::: INFORMATION SUPPLIED :::
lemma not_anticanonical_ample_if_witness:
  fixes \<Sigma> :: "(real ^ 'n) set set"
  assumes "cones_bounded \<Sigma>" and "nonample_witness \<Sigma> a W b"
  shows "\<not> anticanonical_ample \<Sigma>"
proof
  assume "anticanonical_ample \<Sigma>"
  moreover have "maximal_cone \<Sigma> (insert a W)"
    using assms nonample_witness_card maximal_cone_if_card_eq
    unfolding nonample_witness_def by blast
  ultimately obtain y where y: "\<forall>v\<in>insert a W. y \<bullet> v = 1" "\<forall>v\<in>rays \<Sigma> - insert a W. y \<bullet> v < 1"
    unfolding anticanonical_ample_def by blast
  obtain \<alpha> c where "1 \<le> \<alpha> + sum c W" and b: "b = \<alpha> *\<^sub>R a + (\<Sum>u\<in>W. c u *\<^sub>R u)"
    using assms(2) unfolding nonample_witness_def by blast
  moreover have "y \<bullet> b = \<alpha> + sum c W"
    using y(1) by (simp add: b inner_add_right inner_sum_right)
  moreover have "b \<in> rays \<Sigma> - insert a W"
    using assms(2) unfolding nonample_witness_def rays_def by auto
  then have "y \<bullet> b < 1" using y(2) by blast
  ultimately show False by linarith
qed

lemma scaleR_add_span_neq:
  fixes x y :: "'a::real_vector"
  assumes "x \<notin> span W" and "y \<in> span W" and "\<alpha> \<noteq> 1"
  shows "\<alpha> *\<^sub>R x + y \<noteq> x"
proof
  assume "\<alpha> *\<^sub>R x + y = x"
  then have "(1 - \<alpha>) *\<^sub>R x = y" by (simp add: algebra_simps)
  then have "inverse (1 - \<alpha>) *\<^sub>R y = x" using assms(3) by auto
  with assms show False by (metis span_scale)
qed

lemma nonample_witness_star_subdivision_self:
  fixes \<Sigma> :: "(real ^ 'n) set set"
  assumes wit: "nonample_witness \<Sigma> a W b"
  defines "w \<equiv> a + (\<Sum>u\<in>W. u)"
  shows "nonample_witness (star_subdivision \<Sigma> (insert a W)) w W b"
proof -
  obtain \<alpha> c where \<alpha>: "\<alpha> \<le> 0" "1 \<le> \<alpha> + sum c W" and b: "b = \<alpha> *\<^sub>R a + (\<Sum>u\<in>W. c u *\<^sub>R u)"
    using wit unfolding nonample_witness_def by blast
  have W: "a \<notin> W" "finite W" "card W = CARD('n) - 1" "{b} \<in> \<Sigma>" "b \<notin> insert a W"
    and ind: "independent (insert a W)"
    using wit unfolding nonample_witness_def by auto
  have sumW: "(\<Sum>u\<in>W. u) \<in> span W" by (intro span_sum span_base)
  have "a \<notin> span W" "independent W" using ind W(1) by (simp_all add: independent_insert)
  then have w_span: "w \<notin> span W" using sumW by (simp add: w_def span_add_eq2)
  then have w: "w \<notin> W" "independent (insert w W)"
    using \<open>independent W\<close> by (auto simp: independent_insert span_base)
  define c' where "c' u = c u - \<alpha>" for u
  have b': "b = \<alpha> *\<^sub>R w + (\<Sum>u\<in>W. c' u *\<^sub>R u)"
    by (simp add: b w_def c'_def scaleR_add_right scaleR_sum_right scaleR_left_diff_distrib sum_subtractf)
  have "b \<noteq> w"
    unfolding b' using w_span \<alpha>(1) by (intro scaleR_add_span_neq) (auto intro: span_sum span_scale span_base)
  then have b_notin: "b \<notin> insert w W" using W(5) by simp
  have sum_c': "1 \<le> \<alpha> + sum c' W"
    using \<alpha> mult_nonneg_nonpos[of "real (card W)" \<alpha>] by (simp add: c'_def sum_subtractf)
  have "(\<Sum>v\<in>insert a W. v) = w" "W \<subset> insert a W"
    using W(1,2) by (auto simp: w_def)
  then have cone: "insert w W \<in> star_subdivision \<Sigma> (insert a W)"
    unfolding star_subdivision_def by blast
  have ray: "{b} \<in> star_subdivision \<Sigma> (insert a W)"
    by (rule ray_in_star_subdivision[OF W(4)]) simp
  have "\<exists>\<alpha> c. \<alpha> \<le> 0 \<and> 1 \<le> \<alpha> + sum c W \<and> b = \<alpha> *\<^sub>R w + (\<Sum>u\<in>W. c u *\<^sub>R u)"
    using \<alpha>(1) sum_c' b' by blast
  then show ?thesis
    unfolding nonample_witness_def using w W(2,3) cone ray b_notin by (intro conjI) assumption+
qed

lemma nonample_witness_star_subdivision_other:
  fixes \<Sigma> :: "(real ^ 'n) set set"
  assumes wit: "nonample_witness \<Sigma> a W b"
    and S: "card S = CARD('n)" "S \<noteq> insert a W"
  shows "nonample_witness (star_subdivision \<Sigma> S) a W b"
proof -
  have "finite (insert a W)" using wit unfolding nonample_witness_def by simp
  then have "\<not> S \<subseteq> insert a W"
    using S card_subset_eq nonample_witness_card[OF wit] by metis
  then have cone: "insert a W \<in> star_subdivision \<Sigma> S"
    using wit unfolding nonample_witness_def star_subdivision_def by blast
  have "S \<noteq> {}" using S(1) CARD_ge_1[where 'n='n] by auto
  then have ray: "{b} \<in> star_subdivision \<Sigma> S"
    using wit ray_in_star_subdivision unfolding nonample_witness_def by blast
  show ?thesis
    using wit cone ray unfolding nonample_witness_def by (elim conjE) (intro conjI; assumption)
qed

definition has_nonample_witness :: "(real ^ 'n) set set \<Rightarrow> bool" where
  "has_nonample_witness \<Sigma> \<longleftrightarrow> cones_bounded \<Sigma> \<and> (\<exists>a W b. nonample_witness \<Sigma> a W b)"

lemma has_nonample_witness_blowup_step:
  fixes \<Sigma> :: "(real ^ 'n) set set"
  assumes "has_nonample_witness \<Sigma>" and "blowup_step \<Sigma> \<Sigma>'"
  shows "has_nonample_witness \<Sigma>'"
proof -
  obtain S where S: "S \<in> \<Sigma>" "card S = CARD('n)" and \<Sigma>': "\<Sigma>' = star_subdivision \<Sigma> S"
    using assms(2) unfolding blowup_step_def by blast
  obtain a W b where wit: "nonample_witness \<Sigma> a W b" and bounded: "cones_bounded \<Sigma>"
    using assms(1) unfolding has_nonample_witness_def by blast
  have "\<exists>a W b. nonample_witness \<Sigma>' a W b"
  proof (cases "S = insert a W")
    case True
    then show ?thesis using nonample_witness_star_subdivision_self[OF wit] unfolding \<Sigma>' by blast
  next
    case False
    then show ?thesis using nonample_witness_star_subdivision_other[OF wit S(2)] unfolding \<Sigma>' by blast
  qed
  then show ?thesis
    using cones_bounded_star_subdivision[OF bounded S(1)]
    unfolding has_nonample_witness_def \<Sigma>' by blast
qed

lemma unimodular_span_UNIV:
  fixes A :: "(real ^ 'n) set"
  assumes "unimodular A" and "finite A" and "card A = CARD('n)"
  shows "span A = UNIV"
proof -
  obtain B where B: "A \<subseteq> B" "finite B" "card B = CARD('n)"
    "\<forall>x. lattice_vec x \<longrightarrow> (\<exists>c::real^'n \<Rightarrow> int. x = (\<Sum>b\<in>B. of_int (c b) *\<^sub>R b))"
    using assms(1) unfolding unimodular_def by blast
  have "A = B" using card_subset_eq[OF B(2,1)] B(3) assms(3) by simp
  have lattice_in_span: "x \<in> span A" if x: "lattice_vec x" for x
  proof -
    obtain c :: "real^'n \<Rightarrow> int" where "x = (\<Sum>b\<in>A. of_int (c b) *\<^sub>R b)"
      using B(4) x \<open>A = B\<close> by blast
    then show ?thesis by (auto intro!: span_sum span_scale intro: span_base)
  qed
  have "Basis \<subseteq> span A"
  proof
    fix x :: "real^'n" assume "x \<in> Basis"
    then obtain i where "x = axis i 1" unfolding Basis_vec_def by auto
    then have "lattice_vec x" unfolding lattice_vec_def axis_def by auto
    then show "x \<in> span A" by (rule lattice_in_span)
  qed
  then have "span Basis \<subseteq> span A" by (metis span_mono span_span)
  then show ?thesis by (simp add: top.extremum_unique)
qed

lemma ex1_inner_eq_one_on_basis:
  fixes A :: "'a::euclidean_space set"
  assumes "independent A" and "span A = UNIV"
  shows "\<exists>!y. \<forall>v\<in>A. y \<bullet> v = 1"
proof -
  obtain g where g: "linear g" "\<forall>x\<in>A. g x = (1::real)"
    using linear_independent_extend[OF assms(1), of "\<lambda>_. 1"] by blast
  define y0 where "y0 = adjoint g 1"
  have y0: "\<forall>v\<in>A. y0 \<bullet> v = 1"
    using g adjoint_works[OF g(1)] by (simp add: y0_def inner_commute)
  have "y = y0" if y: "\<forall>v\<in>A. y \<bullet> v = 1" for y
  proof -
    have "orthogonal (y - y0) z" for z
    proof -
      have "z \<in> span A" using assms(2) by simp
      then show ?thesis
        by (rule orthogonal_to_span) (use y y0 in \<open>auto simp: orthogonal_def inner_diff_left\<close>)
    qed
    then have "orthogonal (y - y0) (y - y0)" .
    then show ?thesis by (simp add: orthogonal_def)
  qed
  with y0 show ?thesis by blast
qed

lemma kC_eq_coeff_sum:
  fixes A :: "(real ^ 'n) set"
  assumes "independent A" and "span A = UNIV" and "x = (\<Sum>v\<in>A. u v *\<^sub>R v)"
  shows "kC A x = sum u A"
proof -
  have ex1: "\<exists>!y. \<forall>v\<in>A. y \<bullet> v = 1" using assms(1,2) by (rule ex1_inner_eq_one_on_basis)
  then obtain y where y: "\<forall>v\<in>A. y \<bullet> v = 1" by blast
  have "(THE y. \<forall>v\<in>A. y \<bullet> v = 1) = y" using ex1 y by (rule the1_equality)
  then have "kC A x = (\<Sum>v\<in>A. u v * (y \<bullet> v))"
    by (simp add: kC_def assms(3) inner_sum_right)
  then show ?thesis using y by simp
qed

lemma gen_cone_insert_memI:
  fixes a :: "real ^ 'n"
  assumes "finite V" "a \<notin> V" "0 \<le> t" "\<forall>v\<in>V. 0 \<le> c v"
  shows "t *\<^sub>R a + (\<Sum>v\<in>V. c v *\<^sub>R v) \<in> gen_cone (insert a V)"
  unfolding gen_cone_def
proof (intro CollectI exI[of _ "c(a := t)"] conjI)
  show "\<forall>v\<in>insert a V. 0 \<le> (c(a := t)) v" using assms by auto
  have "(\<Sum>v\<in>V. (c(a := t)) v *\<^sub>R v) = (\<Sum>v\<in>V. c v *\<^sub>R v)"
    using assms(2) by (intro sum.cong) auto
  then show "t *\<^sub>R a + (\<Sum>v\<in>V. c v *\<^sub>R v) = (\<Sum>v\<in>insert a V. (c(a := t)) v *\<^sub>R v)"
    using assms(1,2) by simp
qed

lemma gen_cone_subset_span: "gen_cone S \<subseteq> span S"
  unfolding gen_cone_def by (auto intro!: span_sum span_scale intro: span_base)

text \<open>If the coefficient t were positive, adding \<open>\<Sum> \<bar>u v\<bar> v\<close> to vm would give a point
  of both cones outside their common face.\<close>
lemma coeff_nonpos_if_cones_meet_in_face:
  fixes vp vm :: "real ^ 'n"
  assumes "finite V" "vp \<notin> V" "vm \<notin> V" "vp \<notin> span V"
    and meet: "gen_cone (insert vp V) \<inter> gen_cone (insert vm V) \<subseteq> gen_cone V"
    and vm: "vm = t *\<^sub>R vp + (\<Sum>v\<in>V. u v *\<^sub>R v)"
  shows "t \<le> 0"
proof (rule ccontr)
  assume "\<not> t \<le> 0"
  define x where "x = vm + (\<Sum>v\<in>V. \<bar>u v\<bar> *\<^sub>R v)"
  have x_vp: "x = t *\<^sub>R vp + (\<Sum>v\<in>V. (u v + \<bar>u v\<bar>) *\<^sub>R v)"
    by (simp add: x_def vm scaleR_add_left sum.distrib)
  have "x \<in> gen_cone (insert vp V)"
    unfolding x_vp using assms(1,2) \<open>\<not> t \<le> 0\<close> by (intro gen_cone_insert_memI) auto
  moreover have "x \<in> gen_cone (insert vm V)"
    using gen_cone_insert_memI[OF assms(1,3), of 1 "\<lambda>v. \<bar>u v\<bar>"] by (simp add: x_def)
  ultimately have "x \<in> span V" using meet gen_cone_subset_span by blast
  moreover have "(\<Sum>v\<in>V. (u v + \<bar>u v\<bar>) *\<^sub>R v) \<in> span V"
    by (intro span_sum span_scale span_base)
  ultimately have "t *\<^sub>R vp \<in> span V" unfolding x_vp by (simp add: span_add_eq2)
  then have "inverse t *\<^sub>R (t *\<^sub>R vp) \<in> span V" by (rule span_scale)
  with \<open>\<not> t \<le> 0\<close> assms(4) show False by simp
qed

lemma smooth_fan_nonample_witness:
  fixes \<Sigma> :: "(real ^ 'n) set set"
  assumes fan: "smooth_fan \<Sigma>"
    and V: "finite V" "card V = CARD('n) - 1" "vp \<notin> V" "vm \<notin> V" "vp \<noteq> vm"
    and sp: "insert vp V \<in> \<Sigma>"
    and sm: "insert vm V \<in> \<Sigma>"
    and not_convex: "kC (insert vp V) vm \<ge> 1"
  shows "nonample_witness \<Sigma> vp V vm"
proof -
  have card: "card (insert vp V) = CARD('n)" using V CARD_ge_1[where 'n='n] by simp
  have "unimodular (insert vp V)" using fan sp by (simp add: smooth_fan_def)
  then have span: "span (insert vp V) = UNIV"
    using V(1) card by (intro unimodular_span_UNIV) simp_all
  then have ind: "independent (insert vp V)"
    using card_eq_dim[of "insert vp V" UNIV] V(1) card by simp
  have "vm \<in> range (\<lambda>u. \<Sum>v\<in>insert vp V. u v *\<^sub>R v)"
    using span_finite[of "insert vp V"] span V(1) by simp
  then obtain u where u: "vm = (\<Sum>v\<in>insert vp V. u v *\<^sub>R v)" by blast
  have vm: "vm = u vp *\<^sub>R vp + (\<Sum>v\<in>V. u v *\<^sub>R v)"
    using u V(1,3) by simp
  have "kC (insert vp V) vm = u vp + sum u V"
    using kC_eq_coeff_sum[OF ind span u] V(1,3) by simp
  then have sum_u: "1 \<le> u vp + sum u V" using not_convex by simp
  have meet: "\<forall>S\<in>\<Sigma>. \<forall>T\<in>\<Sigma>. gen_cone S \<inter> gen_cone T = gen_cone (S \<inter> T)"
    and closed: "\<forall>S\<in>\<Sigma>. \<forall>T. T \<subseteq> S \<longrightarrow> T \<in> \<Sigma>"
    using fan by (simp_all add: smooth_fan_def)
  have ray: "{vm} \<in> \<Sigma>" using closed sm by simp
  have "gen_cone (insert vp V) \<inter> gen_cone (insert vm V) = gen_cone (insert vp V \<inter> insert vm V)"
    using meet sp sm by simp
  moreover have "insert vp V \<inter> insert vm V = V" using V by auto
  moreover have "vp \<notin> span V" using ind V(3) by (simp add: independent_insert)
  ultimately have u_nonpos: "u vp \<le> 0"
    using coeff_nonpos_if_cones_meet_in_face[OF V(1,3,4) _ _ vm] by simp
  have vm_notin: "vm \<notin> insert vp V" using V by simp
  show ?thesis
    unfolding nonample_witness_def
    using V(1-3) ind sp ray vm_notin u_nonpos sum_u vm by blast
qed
:::
PROBLEM REQUIREMENTS: Copy each line of the entries in which the string "assumes" is found.

ANSWER FOR THIS EXERCISE:
  assumes "cones_bounded \<Sigma>" and "nonample_witness \<Sigma> a W b"
  assumes "x \<notin> span W" and "y \<in> span W" and "\<alpha> \<noteq> 1"
  assumes wit: "nonample_witness \<Sigma> a W b"
  assumes wit: "nonample_witness \<Sigma> a W b"
  assumes "has_nonample_witness \<Sigma>" and "blowup_step \<Sigma> \<Sigma>'"
  assumes "unimodular A" and "finite A" and "card A = CARD('n)"
  assumes "independent A" and "span A = UNIV"
  assumes "independent A" and "span A = UNIV" and "x = (\<Sum>v\<in>A. u v *\<^sub>R v)"
  assumes "finite V" "a \<notin> V" "0 \<le> t" "\<forall>v\<in>V. 0 \<le> c v"
  assumes "finite V" "vp \<notin> V" "vm \<notin> V" "vp \<notin> span V"
  assumes fan: "smooth_fan \<Sigma>"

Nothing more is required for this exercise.